The LLM TTFT is the squeezed component. A 70B LLM at H100 prefill for ~1K context (typical conversation) is 80–120ms wall time; for 8K context (long conversation), 300+ ms — which breaks the budget. This forces aggressive prefix caching and KV reuse for audio sessions, and a smaller / faster model variant for the audio tier (e.g., MoE with sparse activation, or speculative decoding always on).

4. High-Level Architecture

                                ┌─────────────────────┐
   user request  ───────────►   │  L7 ingress / auth  │
                                │  rate-limit (per-   │
                                │  modality)          │
                                └────────┬────────────┘
                                         ▼
                         ┌───────────────────────────────┐
                         │   Modality-aware router       │
                         │  - inspects content types     │
                         │  - decides path & SLO class   │
                         │  - extracts image hashes      │
                         └─┬─────────────┬───────────────┘
                           │             │
                ┌──────────┘             └────────────┐
                │                                     │
                ▼                                     ▼
   ┌────────────────────────┐         ┌──────────────────────────┐
   │  Image preprocessor    │         │  Audio session manager    │
   │  pool (CPU + NVENC)    │         │  WebSocket / WebRTC term  │
   │  - decode, resize,     │         │  - VAD, jitter buffer     │
   │  - tile, normalize     │         │  - Mimi frame pipeline    │
   │  - hash for caching    │         │  - duplex stream manager  │
   └─────────┬──────────────┘         └────────────┬─────────────┘
             │ raw tiles + meta                    │ audio frames
             ▼                                     │
   ┌────────────────────────┐                      │
   │  Vision encoder pool   │                      │
   │  L40S / A100 (cheap)   │                      │
   │  ViT DP, batch=32      │                      │
   │  - feature cache write │                      │
   └─────────┬──────────────┘                      │
             │ image features (64 MB / tile-batch) │
             │ over NIXL/RDMA, async prefetch      │
             ▼                                     ▼
   ┌─────────────────────────────────────────────────────────┐
   │                     LLM core                            │
   │  ┌──────────────┐    ┌───────────────────────────────┐  │
   │  │ Prefill pool │ ─► │  Decode pool (H100/B200)      │  │
   │  │ H100 TP=4    │    │  TP=4, paged-attn, MoE expert │  │
   │  │ batch large  │    │  parallel for MoE             │  │
   │  └──────────────┘    └─────────────┬─────────────────┘  │
   │     (PD-disaggregated, KV transfer over NVLink/RDMA)    │
   └────────────────────────┬────────────────────────────────┘
                            │ token stream
                            ▼
                ┌─────────────────────────┐
                │  Output multiplexer     │
                │  - text → SSE stream    │
                │  - audio-tokens → codec │
                │  - speculative cancel   │
                └────────┬────────────────┘
                         ▼
                      user

   Side stores:
   ┌──────────────────────┐  ┌─────────────────────┐  ┌──────────────────┐
   │ Image-feature cache  │  │  KV prefix cache    │  │  Session store   │
   │ Redis + S3 (warm/cold)│  │ Mooncake/MemServe   │  │ user/conv state  │
   │ key: perceptual+sha  │  │ key: token-prefix   │  │                  │
   │       + encoder-ver  │  │  + image-hash list  │  │                  │
   └──────────────────────┘  └─────────────────────┘  └──────────────────┘

Key invariants enforced by this topology:

Encoder pool runs on different silicon than decoder pool.
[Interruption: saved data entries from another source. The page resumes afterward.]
lemma uniform_limit_mult_left_bounded:
  fixes G :: "'a \<Rightarrow> 'b \<Rightarrow> 'c::real_normed_algebra"
  assumes lim: "uniform_limit S G Q F" and bound: "\<And>z. z \<in> S \<Longrightarrow> norm (c z) \<le> K"
  shows "uniform_limit S (\<lambda>n z. c z * G n z) (\<lambda>z. c z * Q z) F"
proof (rule uniform_limitI)
  fix e :: real assume "0 < e"
  define K' where "K' = max K 1"
  have K': "0 < K'" "\<And>z. z \<in> S \<Longrightarrow> norm (c z) \<le> K'"
    using bound by (auto simp: K'_def intro: le_max_iff_disj[THEN iffD2])
  from \<open>0 < e\<close> have "eventually (\<lambda>n. \<forall>z\<in>S. dist (G n z) (Q z) < e / K') F"
    using K'(1) by (intro uniform_limitD[OF lim]) simp
  then show "eventually (\<lambda>n. \<forall>z\<in>S. dist (c z * G n z) (c z * Q z) < e) F"
  proof (rule eventually_mono, intro ballI)
    fix n z assume near: "\<forall>z\<in>S. dist (G n z) (Q z) < e / K'" and z: "z \<in> S"
    have "dist (c z * G n z) (c z * Q z) \<le> norm (c z) * dist (G n z) (Q z)"
      by (simp add: dist_norm norm_mult_ineq flip: right_diff_distrib)
    also have "\<dots> \<le> K' * dist (G n z) (Q z)"
      using K'(2)[OF z] by (rule mult_right_mono) simp
    also have "\<dots> < e"
      using near z K'(1) by (simp add: field_simps)
    finally show "dist (c z * G n z) (c z * Q z) < e" .
  qed
qed
lemma nn_integral_riesz_kernel_ball_le_dyadic_series:
  fixes \<mu> :: "'a::euclidean_space measure"
  assumes sets: "sets \<mu> = sets borel"
    and s: "s = real DIM('a) - \<alpha>" "0 < s" and "0 < \<rho>" and x: "dist z x < \<rho>"
  defines "r \<equiv> \<lambda>k::nat. 2 * \<rho> * (1/2)^k"
  shows "(\<integral>\<^sup>+ y. riesz_kernel \<alpha> x y * indicator (ball z \<rho>) y \<partial>\<mu>)
     \<le> (\<Sum>k. ennreal (2 powr s * r k powr (-s)) * emeasure \<mu> (ball x (r k) \<inter> ball z \<rho>))"
proof -
  have "(\<integral>\<^sup>+ y. riesz_kernel \<alpha> x y * indicator (ball z \<rho>) y \<partial>\<mu>)
     \<le> (\<integral>\<^sup>+ y. (\<Sum>k. ennreal (2 powr s * r k powr (-s)) * indicator (ball x (r k) \<inter> ball z \<rho>) y) \<partial>\<mu>)"
    unfolding r_def by (intro nn_integral_mono riesz_kernel_ball_le_dyadic_series[OF s \<open>0 < \<rho>\<close> x])
  also have "\<dots> = (\<Sum>k. \<integral>\<^sup>+ y. ennreal (2 powr s * r k powr (-s)) * indicator (ball x (r k) \<inter> ball z \<rho>) y \<partial>\<mu>)"
    by (intro nn_integral_suminf borel_measurable_times_ennreal borel_measurable_const
        borel_measurable_indicator) (simp add: sets)
  also have "\<dots> = (\<Sum>k. ennreal (2 powr s * r k powr (-s)) * emeasure \<mu> (ball x (r k) \<inter> ball z \<rho>))"
    by (simp add: nn_integral_cmult_indicator sets)
  finally show ?thesis .
qed
(* Let $\mathbb{F}$ be a field and $\mu$ a partition of $n$. The Demazure operators $\pi_1,\dots,\pi_{n-1}$ preserve the ideal $I_\mu\subseteq\mathbb{F}[x_1,\dots,x_n]$ (i.e. $\pi_i(I_\mu)\subseteq I_\mu$ for all $i$) if and only if $\mu$ is a hook.
   Context: Demazure operators: $\pi_if=\frac{x_if-x_{i+1}s_i(f)}{x_i-x_{i+1}}$, where $s_i$ swaps $x_i,x_{i+1}$. Write partitions of $n$ increasingly with $n$ parts, $\mu=(0\le\mu_1\le\dots\le\mu_n)$, and let $\mu'=(0\le\mu'_1\le\dots\le\mu'_n)$ be the conjugate partition. Put $d_k(\mu)=\mu'_1+\dots+\mu'_k$ for $k=1,\dots,n$. The (Tanisaki) ideal $I_\mu$ is generated by all $e_r(S)$ with $S\subseteq\{x_1,\dots,x_n\}$, $|S|=k$, and $k\ge r>k-d_k(\mu)$, where $e_r(S)$ is the $r$-th elementary symmetric polynomial in the variables of $S$. $\mu$ is a hook if it has the form $(0^{n-h},1^{h-1},n-h+1)$. *)

theory Defs
  imports "HOL-Library.Poly_Mapping"
begin

text \<open>Multivariate polynomials over a coefficient ring 'a: finitely supported maps
  from monomials.
  Variable x_k is indexed by k; we use the variables x_1, ..., x_n.\<close>

type_synonym 'a mpoly = "(nat \<Rightarrow>\<^sub>0 nat) \<Rightarrow>\<^sub>0 'a"

definition var :: "nat \<Rightarrow> 'a::comm_ring_1 mpoly" where
  "var k = Poly_Mapping.single (Poly_Mapping.single k 1) 1"

definition polys_in :: "nat \<Rightarrow> 'a::comm_ring_1 mpoly set" where
  "polys_in n = {p. \<forall>m \<in> Poly_Mapping.keys p. Poly_Mapping.keys m \<subseteq> {1..n}}"

definition swap_idx :: "nat \<Rightarrow> nat \<Rightarrow> nat \<Rightarrow> nat" where
  "swap_idx i j k = (if k = i then j else if k = j then i else k)"

definition swap_var :: "nat \<Rightarrow> 'a::comm_ring_1 mpoly \<Rightarrow> 'a mpoly" where
  "swap_var i f = Poly_Mapping.map_key (\<lambda>m. Poly_Mapping.map_key (swap_idx i (i+1)) m) f"

definition demazure :: "nat \<Rightarrow> 'a::field mpoly \<Rightarrow> 'a mpoly" where
  "demazure i f = (THE g. (var i - var (i+1)) * g = var i * f - var (i+1) * swap_var i f)"

definition esym :: "nat \<Rightarrow> nat set \<Rightarrow> 'a::comm_ring_1 mpoly" where
  "esym r S = (\<Sum>T \<in> {T. T \<subseteq> S \<and> card T = r}. \<Prod>k\<in>T. var k)"

text \<open>Partitions of n with n parts, written increasingly: mu ! (i-1) = mu_i.\<close>
definition is_partition :: "nat \<Rightarrow> nat list \<Rightarrow> bool" where
  "is_partition n mu \<longleftrightarrow> length mu = n \<and> sorted mu \<and> sum_list mu = n"

text \<open>Conjugate partition, written increasingly with n parts: mu'_k = #{i. mu_i \<ge> n+1-k}.\<close>
definition conj_part :: "nat \<Rightarrow> nat list \<Rightarrow> nat \<Rightarrow> nat" where
  "conj_part n mu k = card {i \<in> {1..n}. mu ! (i - 1) \<ge> n + 1 - k}"

definition dk :: "nat \<Rightarrow> nat list \<Rightarrow> nat \<Rightarrow> nat" where
  "dk n mu k = (\<Sum>j = 1..k. conj_part n mu j)"

definition tanisaki_gens :: "nat \<Rightarrow> nat list \<Rightarrow> 'a::comm_ring_1 mpoly set" where
  "tanisaki_gens n mu = {esym r S | r S. S \<subseteq> {1..n} \<and> 1 \<le> card S \<and>
      r \<le> card S \<and> card S < r + dk n mu (card S)}"

definition ideal_in :: "nat \<Rightarrow> 'a::comm_ring_1 mpoly set \<Rightarrow> 'a mpoly set" where
  "ideal_in n G = {(\<Sum>g\<in>H. c g * g) | H c. finite H \<and> H \<subseteq> G \<and> (\<forall>g\<in>H. c g \<in> polys_in n)}"

definition tanisaki_ideal :: "nat \<Rightarrow> nat list \<Rightarrow> 'a::comm_ring_1 mpoly set" where
  "tanisaki_ideal n mu = ideal_in n (tanisaki_gens n mu)"

definition is_hook :: "nat \<Rightarrow> nat list \<Rightarrow> bool" where
  "is_hook n mu \<longleftrightarrow> (\<exists>h. 1 \<le> h \<and> h \<le> n \<and>
      mu = replicate (n - h) 0 @ replicate (h - 1) 1 @ [n - h + 1])"

end

theory Submission
  imports Defs
begin

text \<open>
  Write \<open>\<pi>\<^sub>i f = f + x\<^sub>i\<^sub>+\<^sub>1 \<partial>\<^sub>i f\<close> with the divided difference
  \<open>\<partial>\<^sub>i f = (f - s\<^sub>i f) / (x\<^sub>i - x\<^sub>i\<^sub>+\<^sub>1)\<close>, which satisfies the twisted Leibniz rule
  \<open>\<partial>\<^sub>i (c g) = c \<partial>\<^sub>i g + s\<^sub>i(g) \<partial>\<^sub>i c\<close>. Hence \<open>\<pi>\<^sub>i\<close> preserves \<open>I\<^sub>\<mu>\<close> as soon as
  \<open>x\<^sub>i\<^sub>+\<^sub>1 \<partial>\<^sub>i g \<in> I\<^sub>\<mu>\<close> for every generator \<open>g = e\<^sub>r(S)\<close>. For such \<open>g\<close> this product is
  \<open>0\<close> or \<open>\<plusminus>(e\<^sub>r(A \<union> {i+1}) - e\<^sub>r(A))\<close> with \<open>A = S - {i, i+1}\<close>. For a hook all conjugate
  parts \<open>\<mu>'\<^sub>k\<close> with \<open>k < n\<close> are at most 1, so \<open>d\<^sub>k\<close> grows by at most one per step and
  \<open>e\<^sub>r(A)\<close> is again in \<open>I\<^sub>\<mu>\<close>.

  For a non-hook, let \<open>l = \<mu>'\<^sub>n\<close> be the number of nonzero parts; then \<open>2 \<le> l \<le> n - 2\<close>.
  The generator \<open>e\<^sub>l\<close> of the variables other than \<open>x\<^sub>2\<close> is mapped by \<open>\<pi>\<^sub>2\<close> to \<open>e\<^sub>l\<close> of
  the variables other than \<open>x\<^sub>2, x\<^sub>3\<close>. The linear functional taking the constant term of
  \<open>\<partial>\<^sub>1 \<partial>\<^sub>l\<^sub>+\<^sub>1 \<cdots> \<partial>\<^sub>4 \<partial>\<^sub>3 f\<close> vanishes on \<open>I\<^sub>\<mu>\<close>, but takes the value \<open>\<plusminus>1\<close> on the
  latter polynomial, whose only contributing monomial is \<open>x\<^sub>1 x\<^sub>4 \<cdots> x\<^sub>l\<^sub>+\<^sub>2\<close>.
\<close>

abbreviation lookup :: "('a \<Rightarrow>\<^sub>0 'b::zero) \<Rightarrow> 'a \<Rightarrow> 'b" where
  "lookup \<equiv> Poly_Mapping.lookup"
L40S/A100 for vision (~ $0.50–$ 1.50/hr/GPU on cloud) is 2–4× cheaper than H100, and the encoder is not memory-bandwidth-bound, so the cheaper tier loses very little throughput.
Image features and KV transfer over RDMA, never copied through host memory unnecessarily. NIXL connector or Mooncake.
Audio session manager is a separate path that never goes through image preprocessor. Real-time audio cannot tolerate generic-router queueing.
Cache key always includes encoder version and decoder version. Version skew is silent corruption; the system makes it impossible.
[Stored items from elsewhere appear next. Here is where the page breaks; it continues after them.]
lemma cut_gradient_left_diff:
  assumes \<theta>: "\<theta> \<in> bisectH" and xy: "x \<in> {0<..<1/2}" "y \<in> {0<..<1/2}" "x \<le> y"
  shows "cut_gradient \<theta> x - cut_gradient \<theta> y = (LINT z:{x + 1/2..<y + 1/2}|lebesgue. 1 - 2 * \<theta> z)"
proof -
  have left: "cut_gradient \<theta> u = (LINT z:{u + 1/2..1}|lebesgue. 1 - 2 * \<theta> z)" if "u \<in> {0<..<1/2}" for u
    unfolding cut_gradient_def set_lebesgue_integral_def
    by (rule Bochner_Integration.integral_cong) (use that in \<open>auto simp: indicator_def halfW_def\<close>)
  have F: "(\<lambda>z. 1 - 2 * \<theta> z) \<in> bounded_measurable01"
    using one_minus_bounded_measurable01[OF bisectH_bounded_measurable01[OF \<theta>]] .
  have "(LINT z:{x + 1/2..<y + 1/2} \<union> {y + 1/2..1}|lebesgue. 1 - 2 * \<theta> z)
      = (LINT z:{x + 1/2..<y + 1/2}|lebesgue. 1 - 2 * \<theta> z) + (LINT z:{y + 1/2..1}|lebesgue. 1 - 2 * \<theta> z)"
    using xy by (intro set_integral_Un set_integrable_bounded_measurable01[OF F]) auto
  moreover have "{x + 1/2..<y + 1/2} \<union> {y + 1/2..1} = {x + 1/2..1}"
    using xy by auto
  ultimately show ?thesis
    using left xy by simp
qed

lemma cut_gradient_right_diff:
  assumes \<theta>: "\<theta> \<in> bisectH" and xy: "x \<in> {1/2<..<1}" "y \<in> {1/2<..<1}" "x \<le> y"
  shows "cut_gradient \<theta> y - cut_gradient \<theta> x = (LINT z:{x - 1/2<..y - 1/2}|lebesgue. 1 - 2 * \<theta> z)"
proof -
  have right: "cut_gradient \<theta> u = (LINT z:{0..u - 1/2}|lebesgue. 1 - 2 * \<theta> z)" if "u \<in> {1/2<..<1}" for u
    unfolding cut_gradient_def set_lebesgue_integral_def
    by (rule Bochner_Integration.integral_cong) (use that in \<open>auto simp: indicator_def halfW_def\<close>)
  have F: "(\<lambda>z. 1 - 2 * \<theta> z) \<in> bounded_measurable01"
    using one_minus_bounded_measurable01[OF bisectH_bounded_measurable01[OF \<theta>]] .
  have "(LINT z:{0..x - 1/2} \<union> {x - 1/2<..y - 1/2}|lebesgue. 1 - 2 * \<theta> z)
      = (LINT z:{0..x - 1/2}|lebesgue. 1 - 2 * \<theta> z) + (LINT z:{x - 1/2<..y - 1/2}|lebesgue. 1 - 2 * \<theta> z)"
    using xy by (intro set_integral_Un set_integrable_bounded_measurable01[OF F]) auto
  moreover have "{0..x - 1/2} \<union> {x - 1/2<..y - 1/2} = {0..y - 1/2}"
    using xy by auto
  ultimately show ?thesis
    using right xy by simp
qed

lemma set_integral_indicator_subset:
  assumes "A \<in> sets lebesgue" "A \<subseteq> S"
  shows "(LINT x:S|lebesgue. indicator A x) = measure lebesgue (A::real set)"
proof -
  have "(\<lambda>x. indicator S x *\<^sub>R indicator A x) = (indicator A :: real \<Rightarrow> real)"
    using assms(2) by (auto simp: indicator_def fun_eq_iff)
  then show ?thesis
    by (simp add: set_lebesgue_integral_def)
qed

lemma set_integral_indicator_diff:
  fixes G :: "real \<Rightarrow> real"
  assumes A: "A \<in> lmeasurable" "A \<subseteq> S" and B: "B \<in> lmeasurable" "B \<subseteq> S"
    and G: "G \<in> borel_measurable lebesgue" "\<And>x. \<bar>G x\<bar> \<le> C"
  shows "(LINT x:S|lebesgue. (b * indicator A x - a * indicator B x) * G x)
    = b * (LINT x:A|lebesgue. G x) - a * (LINT x:B|lebesgue. G x)"
proof -
  have int: "integrable lebesgue (\<lambda>x. indicator T x * G x)" if "T \<in> lmeasurable" for T
  proof -
    have "emeasure lebesgue T < \<infinity>"
      using that unfolding fmeasurable_def by blast
    from set_integrable_bounded[OF G(1) fmeasurableD[OF that] this G(2)] show ?thesis
      by (simp add: set_integrable_def)
  qed
  have "(LINT x:S|lebesgue. (b * indicator A x - a * indicator B x) * G x)
      = (\<integral>x. b * (indicator A x * G x) - a * (indicator B x * G x) \<partial>lebesgue)"
    unfolding set_lebesgue_integral_def
    by (rule Bochner_Integration.integral_cong) (use A B in \<open>auto simp: indicator_def left_diff_distrib\<close>)
  also have "\<dots> = b * (LINT x:A|lebesgue. G x) - a * (LINT x:B|lebesgue. G x)"
    using int[OF A(1)] int[OF B(1)] by (simp add: set_lebesgue_integral_def)
  finally show ?thesis .
qed

lemma minimizer_constant_averages:
  assumes \<theta>: "\<theta> \<in> bisectH" and min: "\<forall>\<psi>\<in>bisectH. cutJ halfW \<theta> \<le> cutJ halfW \<psi>"
    and E: "E \<subseteq> {0..1}" "\<And>x y. x \<in> E \<Longrightarrow> y \<in> E \<Longrightarrow> \<bar>x - y\<bar> < 1/2"
    and interior: "0 < \<epsilon>" "\<And>x. x \<in> E \<Longrightarrow> \<epsilon> \<le> \<theta> x \<and> \<theta> x \<le> 1 - \<epsilon>"
  shows "constant_averages_on E (cut_gradient \<theta>)"
  unfolding constant_averages_on_def
proof (intro allI impI)
  fix A B assume AB: "A \<subseteq> E" "B \<subseteq> E" "A \<in> sets lebesgue" "B \<in> sets lebesgue"
  \<comment> \<open>\<open>\<phi>\<close> is supported in \<open>E\<close>, where \<open>halfW\<close> vanishes, so its quadratic term is zero\<close>
  define a where "a = measure lebesgue A"
  define b where "b = measure lebesgue B"
  define \<phi> where "\<phi> x = b * indicator A x - a * indicator B x" for x :: real
  have lm: "A \<in> lmeasurable" "B \<in> lmeasurable"
    using AB E by (auto intro: lmeasurable_subset_interval)
  have ab: "0 \<le> a" "a \<le> 1" "0 \<le> b" "b \<le> 1"
    using lm AB E measure_mono_fmeasurable[of _ "{0..1::real}" lebesgue]
    by (auto simp: a_def b_def)
  have \<phi>_meas: "\<phi> \<in> borel_measurable lebesgue"
    using AB unfolding \<phi>_def by measurable
  have \<phi>_outside: "\<phi> x = 0" if "x \<notin> E" for x
    using that AB by (auto simp: \<phi>_def indicator_def)
  have "halfW x y = 0" if "x \<in> E" "y \<in> E" for x y
    using E(2)[OF that] unfolding halfW_def abs_less_iff by auto
  then have "halfW_form \<phi> \<phi> = 0"
    using \<phi>_outside by (intro halfW_form_eq_0[where A=E and B=E]) auto
  moreover have "(LINT x:{0..1}|lebesgue. \<phi> x) = 0"
  proof -
    have "(LINT x:{0..1}|lebesgue. \<phi> x * 1) = b * (LINT x:A|lebesgue. 1) - a * (LINT x:B|lebesgue. 1)"
      unfolding \<phi>_def using AB E lm by (intro set_integral_indicator_diff[where C=1]) auto
    moreover have one: "(LINT x:S|lebesgue. 1) = measure lebesgue S" if "S \<in> lmeasurable" for S
      using set_integral_const[OF fmeasurableD[OF that], of "1::real"] fmeasurableD2[OF that] by simp
    ultimately show ?thesis
      using one[OF lm(1)] one[OF lm(2)] by (simp add: a_def b_def)
  qed
  moreover have "\<epsilon> * \<bar>\<phi> x\<bar> \<le> min (\<theta> x) (1 - \<theta> x)" if "x \<in> {0..1}" for x
  proof (cases "x \<in> E")
    case True
    have "\<bar>\<phi> x\<bar> \<le> 1"
      using ab by (auto simp: \<phi>_def indicator_def)
    then show ?thesis
      using interior(1) interior(2)[OF True] by (smt (verit) mult_left_le)
  next
    case False
    then show ?thesis
      using \<theta> that by (auto simp: \<phi>_outside bisectH_def)
  qed
  ultimately have "(LINT x:{0..1}|lebesgue. \<phi> x * cut_gradient \<theta> x) = 0"
    using minimizer_variation[OF \<theta> min \<phi>_meas _ interior(1)] by fastforce
  moreover have "(LINT x:{0..1}|lebesgue. \<phi> x * cut_gradient \<theta> x)
      = b * (LINT x:A|lebesgue. cut_gradient \<theta> x) - a * (LINT x:B|lebesgue. cut_gradient \<theta> x)"
    unfolding \<phi>_def using AB E lm \<theta>
    by (intro set_integral_indicator_diff[where C=1])
      (auto simp: bisectH_def borel_measurable_cut_gradient abs_cut_gradient_le)
  ultimately show "measure lebesgue B * (LINT x:A|lebesgue. cut_gradient \<theta> x)
      = measure lebesgue A * (LINT x:B|lebesgue. cut_gradient \<theta> x)"
    by (simp add: a_def b_def)
qed

section \<open>A direction of positive curvature\<close>

lemma measure_Int_atMost_split:
  fixes R :: "real set"
  assumes R: "R \<in> lmeasurable" and "s \<le> t"
  shows "measure lebesgue (R \<inter> {..t}) = measure lebesgue (R \<inter> {..s}) + measure lebesgue (R \<inter> {s<..t})"
proof -
  have "R \<inter> {..s} \<in> lmeasurable" "R \<inter> {s<..t} \<in> lmeasurable"
    using fmeasurableD[OF R] by (auto intro: fmeasurableI2[OF R])
  then have "measure lebesgue ((R \<inter> {..s}) \<union> (R \<inter> {s<..t}))
      = measure lebesgue (R \<inter> {..s}) + measure lebesgue (R \<inter> {s<..t})
        - measure lebesgue ((R \<inter> {..s}) \<inter> (R \<inter> {s<..t}))"
    by (rule measure_Un3)
  moreover have "(R \<inter> {..s}) \<union> (R \<inter> {s<..t}) = R \<inter> {..t}" "(R \<inter> {..s}) \<inter> (R \<inter> {s<..t}) = {}"
    using \<open>s \<le> t\<close> by auto
  ultimately show ?thesis
    by simp
qed

lemma lipschitz_measure_Int_atMost:
  fixes R :: "real set"
  assumes R: "R \<in> lmeasurable"
  shows "1-lipschitz_on S (\<lambda>t. measure lebesgue (R \<inter> {..t}))"
proof (rule lipschitz_onI)
  have slope: "measure lebesgue (R \<inter> {s<..t}) \<le> t - s" if "s \<le> t" for s t
  proof -
    have "measure lebesgue (R \<inter> {s<..t}) \<le> measure lebesgue {s..t}"
      using fmeasurableD[OF R] by (intro measure_mono_fmeasurable) auto
    then show ?thesis
      using that by simp
  qed
  show "dist (measure lebesgue (R \<inter> {..s})) (measure lebesgue (R \<inter> {..t})) \<le> 1 * dist s t" for s t
    using measure_Int_atMost_split[OF R, of s t] measure_Int_atMost_split[OF R, of t s] slope[of s t] slope[of t s]
    by (cases "s \<le> t") (auto simp: dist_real_def)
qed simp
5. Per-Workload Request Lifecycles

5.1 Single-image chat (the cheap, common case)

t=0    user sends message + 1 image
       │
       ▼
t=2    L7 + router → preprocess pool
       │ image hash computed (sha256 of bytes + perceptual hash)
       ▼
t=10   preprocess: decode JPEG, resize to 448, normalize → 1 tile
       │ check feature cache by (sha, encoder_ver) → MISS
       ▼
t=20   queue at vision encoder, batched with 30 other tiles
t=28   encoder forward → 256 features × 4096-d  (64 MB)
       │ write to feature cache (TTL 10 min, async)
       │ async transfer to LLM host
       ▼
t=29   features land at prefill worker
t=30   prefill: 256 image tokens + ~50 text tokens through 70B LLM
t=80   first text token (TTFT = 80 ms)
t=80–500  decode at ~50 tok/s for ~200 tokens
t=500  done

Total wall time: ~500 ms TTFT 80 ms.
Decoder time dominates (60% of wall) once the image is encoded.

5.2 Multi-image document analysis (the expensive, bursty case)
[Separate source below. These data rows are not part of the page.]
(* Let $H\subset\mathrm{PGL}(2,\mathbb{C})=\mathrm{Aut}(\mathbb{P}^1)$ be a finite subgroup and let $\Lambda\subset\mathbb{P}^1$ be a finite subset. The following are equivalent: (1) $\Lambda$ is non-empty and $H$-invariant; (2) there exists an $H$-equivariant morphism $\delta\colon\mathbb{P}^1\to\mathbb{P}^1$ (i.e. $\delta\circ h=h\circ\delta$ for all $h\in H$) such that $\Lambda=\{q\in\mathbb{P}^1\mid\delta(q)=q\}$.
   Context: $\mathrm{PGL}(2,\mathbb{C})$ acts on $\mathbb{P}^1$ in the standard way; morphisms are algebraic. *)

theory Defs
  imports Complex_Main "HOL-Algebra.Group"
begin

text \<open>The complex projective line P^1 is modelled as complex option:
  Some z is the point [z:1], None is the point at infinity [1:0].\<close>
type_synonym P1 = "complex option"

definition hom_coords :: "P1 \<Rightarrow> complex \<times> complex" where
  "hom_coords p = (case p of Some z \<Rightarrow> (z, 1) | None \<Rightarrow> (1, 0))"

definition proj_pt :: "complex \<times> complex \<Rightarrow> P1" where
  "proj_pt v = (if snd v = 0 then None else Some (fst v / snd v))"

definition hform :: "nat \<Rightarrow> (nat \<Rightarrow> complex) \<Rightarrow> complex \<times> complex \<Rightarrow> complex" where
  "hform d a v = (\<Sum>i\<le>d. a i * fst v ^ i * snd v ^ (d - i))"

text \<open>Algebraic morphisms P^1 \<rightarrow> P^1: given by [x:y] \<mapsto> [F(x,y):G(x,y)]
  with F, G binary forms of the same degree d without common nontrivial zero.\<close>
definition P1_morphism :: "(P1 \<Rightarrow> P1) \<Rightarrow> bool" where
  "P1_morphism \<delta> \<longleftrightarrow> (\<exists>d a b.
     (\<forall>v. v \<noteq> (0, 0) \<longrightarrow> (hform d a v, hform d b v) \<noteq> (0, 0)) \<and>
     (\<forall>p. \<delta> p = proj_pt (hform d a (hom_coords p), hform d b (hom_coords p))))"

definition moebius :: "complex \<Rightarrow> complex \<Rightarrow> complex \<Rightarrow> complex \<Rightarrow> P1 \<Rightarrow> P1" where
  "moebius a b c d p =
     (let (x, y) = hom_coords p in proj_pt (a * x + b * y, c * x + d * y))"

text \<open>PGL(2,C) = Aut(P^1), realised as its (faithful) action on P^1,
  with group law composition.\<close>
definition PGL2 :: "(P1 \<Rightarrow> P1) monoid" where
  "PGL2 = \<lparr> carrier = {moebius a b c d | a b c d. a * d - b * c \<noteq> 0},
            mult = (\<circ>), one = id \<rparr>"

end

theory Submission
  imports Defs "HOL-Computational_Algebra.Fundamental_Theorem_Algebra"
begin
t=0       user uploads 30-page PDF + question
          │
          ▼
t=50      preprocess: PDF → 30 images (CPU-bound, parallelize on
          16 vCPU per request, ~1.5 ms/page)
          │ for each image: hash, check feature cache
          │   → 8 hits (recurring forms), 22 misses
          │ tile each image: 8 tiles × 22 = 176 new tiles
          ▼
t=100     queue 176 tiles at encoder pool
          │ encoder pool runs them across 8 GPUs in parallel
          │ batched 32 at a time → ~6 batches × 8 ms = 48 ms wall
          │ but with parallelism across 8 GPUs: 2 batches per GPU
          │ → 16 ms wall time (assuming no queueing)
          ▼
t=120     all features ready (8 cached + 22 fresh = 30 image-feature blobs)
          │ async transfer to LLM, pipelined with encoding
          ▼
t=140     prefill begins. ~7,680 image tokens + ~50 text tokens.
          │ prefill on H100 TP=4: ~1.2 ms/1K tokens at batch 1 → 9 ms
          │ but that ignores attention compute; realistic ~150 ms
          ▼
t=300     first text token (TTFT = 300 ms — within document-class SLO)
t=300–2500  decode

Total: ~2.5 s for ~400-token answer. Encoder is 10% of wall, prefill 6%, decode 80%.

Caching wins are dramatic: a follow-up question on the SAME document
re-uses 30/30 image features AND the entire image-prefilled KV span:
  TTFT drops from 300 ms to ~30 ms (just the new question prefill).

5.3 Real-time audio (the latency-bound case)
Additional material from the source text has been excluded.